Dame Janet Smith, who headed the Shipman Inquiry, has been appointed to head an inquiry into Savile’s time at the BBC, and yesterday Scotland Yard said it recognised “her need to progress this important work”.
“We are now in a position to advise the BBC that they can ask the chair of the BBC executive board, Dame Fiona Reynolds, to begin her review to run parallel to our investigation.
“We will develop a protocol to ensure any future potential criminal action is not jeopardised.”
Commander Peter Spindler, from Scotland Yard, said: “The public’s response to this issue has been astounding. We are dealing with alleged abuse on an unprecedented scale.
“The profile of this operation has empowered a staggering number of victims to come
forward to report the sexual exploitation which occurred during their childhood.
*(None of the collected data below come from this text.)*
section \<open>Associative dialgebras and the embedding of \<open>J hat\<close>\<close>

lemma bilinD:
  assumes "bilin scale p"
  shows "p (x + y) z = p x z + p y z" "p z (x + y) = p z x + p z y"
    "p (scale c x) z = scale c (p x z)" "p z (scale c x) = scale c (p z x)"
    "p 0 z = 0" "p z 0 = 0" "p (- x) z = - p x z" "p z (- x) = - p z x"
    "p (x - y) z = p x z - p y z" "p z (x - y) = p z x - p z y"
proof -
  show add_left: "\<And>x y z. p (x + y) z = p x z + p y z" and add_right: "\<And>x y z. p z (x + y) = p z x + p z y"
    and "p (scale c x) z = scale c (p x z)" "p z (scale c x) = scale c (p z x)"
    using assms by (auto simp: bilin_def)
  show zero_left: "\<And>z. p 0 z = 0" and zero_right: "\<And>z. p z 0 = 0"
    using add_left[of 0 0] add_right[of _ 0 0] by simp_all
  show minus_left: "\<And>x z. p (- x) z = - p x z" and minus_right: "\<And>x z. p z (- x) = - p z x"
    using add_left[of _ "- _"] add_right[of _ _ "- _"] zero_left zero_right
    by (metis add.right_inverse add_eq_0_iff)+
  show "p (x - y) z = p x z - p y z" "p z (x - y) = p z x - p z y"
    using add_left[of x "- y"] add_right[of z x "- y"] minus_left minus_right by simp_all
qed

locale assoc_dialg =
  fixes scale :: "'k::field \<Rightarrow> 'd::ab_group_add \<Rightarrow> 'd" and lv rv :: "'d \<Rightarrow> 'd \<Rightarrow> 'd"
  assumes assoc_dialgebra: "assoc_dialgebra scale lv rv"
begin

sublocale vector_space scale
  using assoc_dialgebra by (simp add: assoc_dialgebra_def)

lemma lv_bilinear: "bilin scale lv" and rv_bilinear: "bilin scale rv"
  and lv_rv_left: "lv (rv x y) z = lv (lv x y) z"
  and rv_lv_right: "rv x (lv y z) = rv x (rv y z)"
  and lv_assoc: "lv (lv x y) z = lv x (lv y z)"
  and rv_assoc: "rv (rv x y) z = rv x (rv y z)"
  and lv_rv_assoc: "rv (lv x y) z = lv x (rv y z)"
  using assoc_dialgebra by (auto simp: assoc_dialgebra_def)

lemmas bilin_simps = bilinD[OF lv_bilinear] bilinD[OF rv_bilinear]

end

text \<open>The associative algebra of pairs \<open>(L\<^sub>a, R\<^sub>b)\<close> of left \<open>\<turnstile>\<close>- and right \<open>\<stileturn>\<close>-multiplication
  operators of \<open>D\<close>, extended by the bimodule \<open>D\<close> with zero product.\<close>
definition op_null_ext :: "('k::field \<Rightarrow> 'd::ab_group_add \<Rightarrow> 'd) \<Rightarrow> ('d \<Rightarrow> 'd \<Rightarrow> 'd) \<Rightarrow> ('d \<Rightarrow> 'd \<Rightarrow> 'd)
    \<Rightarrow> ('k, (('d \<Rightarrow> 'd) \<times> ('d \<Rightarrow> 'd)) \<times> 'd) kalg" where
  "op_null_ext scale lv rv = \<lparr> acar = {((lv a, \<lambda>z. rv z b), m) | a b m. True},
     aadd = (\<lambda>((L, R), m) ((L', R'), n). ((\<lambda>z. L z + L' z, \<lambda>z. R z + R' z), m + n)),
     azero = ((\<lambda>z. 0, \<lambda>z. 0), 0),
     asmult = (\<lambda>c ((L, R), m). ((\<lambda>z. scale c (L z), \<lambda>z. scale c (R z)), scale c m)),
     amult = (\<lambda>((L, R), m) ((L', R'), n). ((L \<circ> L', R' \<circ> R), L n + R' m)) \<rparr>"

context assoc_dialg
begin

abbreviation "Ops \<equiv> op_null_ext scale lv rv"

lemma op_null_ext_simps:
  "acar Ops = {((lv a, \<lambda>z. rv z b), m) | a b m. True}"
  "azero Ops = ((lv 0, \<lambda>z. rv z 0), 0)"
  "aadd Ops ((lv a, \<lambda>z. rv z b), m) ((lv a', \<lambda>z. rv z b'), n) = ((lv (a + a'), \<lambda>z. rv z (b + b')), m + n)"
  "asmult Ops c ((lv a, \<lambda>z. rv z b), m) = ((lv (scale c a), \<lambda>z. rv z (scale c b)), scale c m)"
  "amult Ops ((lv a, \<lambda>z. rv z b), m) ((lv a', \<lambda>z. rv z b'), n) =
     ((lv (lv a a'), \<lambda>z. rv z (rv b b')), lv a n + rv m b')"
  by (simp_all add: op_null_ext_def fun_eq_iff bilin_simps lv_assoc rv_assoc)

lemma op_null_ext_mem: "((lv a, \<lambda>z. rv z b), m) \<in> acar Ops"
  by (auto simp: op_null_ext_simps)

lemma op_null_ext_cases:
  assumes "x \<in> acar Ops"
  obtains a b m where "x = ((lv a, \<lambda>z. rv z b), m)"
  using assms by (auto simp: op_null_ext_simps)

lemma assoc_algebra_op_null_ext: "assoc_algebra Ops"
proof -
  note ops = op_null_ext_simps(2-5) op_null_ext_mem
  have "k_algebra Ops"
  proof (rule k_algebraI, unfold_locales)
    fix x assume "x \<in> acar Ops"
    then obtain a b m where "x = ((lv a, \<lambda>z. rv z b), m)" by (rule op_null_ext_cases)
    then show "\<exists>y\<in>acar Ops. aadd Ops x y = azero Ops"
      by (intro bexI[of _ "((lv (- a), \<lambda>z. rv z (- b)), - m)"]; simp only: ops; simp)
  qed ((elim op_null_ext_cases)?; simp only: ops; simp add: bilin_simps algebra_simps)+
  then show ?thesis
    unfolding assoc_algebra_def
    by (auto elim!: op_null_ext_cases simp only: ops; simp add: bilin_simps lv_assoc rv_assoc lv_rv_assoc add_ac)
qed

lemma op_null_ext_plus_mult:
  "amult (plus_algebra Ops) ((lv x, \<lambda>z. rv z x), m) ((lv y, \<lambda>z. rv z y), n) =
   ((lv (lvp scale lv rv x y), \<lambda>z. rv z (lvp scale lv rv x y)), lvp scale lv rv x n + rvp scale lv rv m y)"
  by (simp add: op_null_ext_def lvp_def rvp_def fun_eq_iff bilin_simps lv_rv_left rv_lv_right lv_assoc rv_assoc
      scale_right_distrib add_ac)

end

locale special_jordan_dialg = assoc_dialg scale lv rv
  for scale :: "'k::field \<Rightarrow> 'd::ab_group_add \<Rightarrow> 'd" and lv rv +
  fixes J :: "'d set"
  assumes special_jordan_dialgebra: "special_jordan_dialgebra scale lv rv J"
begin

abbreviation "I \<equiv> annI scale lv rv J"

lemma J_subspace: "subspace J"
  and lvp_closed: "a \<in> J \<Longrightarrow> b \<in> J \<Longrightarrow> lvp scale lv rv a b \<in> J"
  and rvp_closed: "a \<in> J \<Longrightarrow> b \<in> J \<Longrightarrow> rvp scale lv rv a b \<in> J"
  using special_jordan_dialgebra by (auto simp: special_jordan_dialgebra_def)

lemma zero_in_J: "0 \<in> J" and add_in_J: "a \<in> J \<Longrightarrow> b \<in> J \<Longrightarrow> a + b \<in> J"
  and scale_in_J: "a \<in> J \<Longrightarrow> scale c a \<in> J"
  using J_subspace subspace_0 subspace_add subspace_scale by blast+

lemma annI_subset_J: "I \<subseteq> J"
  unfolding annI_def
  by (rule span_minimal[OF _ J_subspace]) (auto intro!: subspace_diff[OF J_subspace] lvp_closed rvp_closed)

lemma annI_annihilates:
  assumes "i \<in> I"
  shows "lv i z = 0" "rv z i = 0"
proof -
  let ?Ann = "{i. \<forall>z. lv i z = 0 \<and> rv z i = 0}"
  have "subspace ?Ann" by (rule subspaceI) (auto simp: bilin_simps)
  moreover have "{lvp scale lv rv a b - rvp scale lv rv a b | a b. a \<in> J \<and> b \<in> J} \<subseteq> ?Ann"
    by (auto simp: lvp_def rvp_def bilin_simps lv_rv_left rv_lv_right scale_right_distrib add_ac)
  ultimately have "I \<subseteq> ?Ann" unfolding annI_def by (rule span_minimal[rotated])
  then show "lv i z = 0" "rv z i = 0" using assms by auto
qed

lemma rep_coset_diff:
  assumes "a \<in> J"
  shows "rep (coset I a) - a \<in> I"
proof -
  have "a \<in> coset I a" unfolding coset_def by (rule image_eqI[of _ _ 0]) (simp_all add: span_zero annI_def)
  then have "rep (coset I a) \<in> coset I a" unfolding rep_def by (rule someI)
  then show ?thesis unfolding coset_def by auto
qed

lemma rep_coset_in_J: "a \<in> J \<Longrightarrow> rep (coset I a) \<in> J"
  using rep_coset_diff annI_subset_J add_in_J by (metis diff_add_cancel subsetD)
“I am pleased that victims feel confident enough to speak out about the abuse they suffered and would like to reassure the public that we take all these cases very seriously and they will be investigated with the utmost sensitivity.”
Police previously said Savile’s alleged catalogue of sex abuse could have spanned six decades.
Peter Watt, head of the NSPCC’s helpline, said: “It’s now looking possible that Jimmy Savile was one the most prolific sex offenders the NSPCC has ever come across.
“We have received over 136 calls directly relating to allegations against him which we’ve passed to the police.
“It’s important we recognise the brave step victims have taken in coming forward and we urge any other victims to do the same.
“We are also finding more and more people coming forward and reporting unrelated abuse after hearing the victims in this case speak out.
“Many are only just doing so after years of keeping it to themselves.”
He said the NSPCC’s priority is to support these people working with partner organisations such as the National Association for People Abused in Childhood.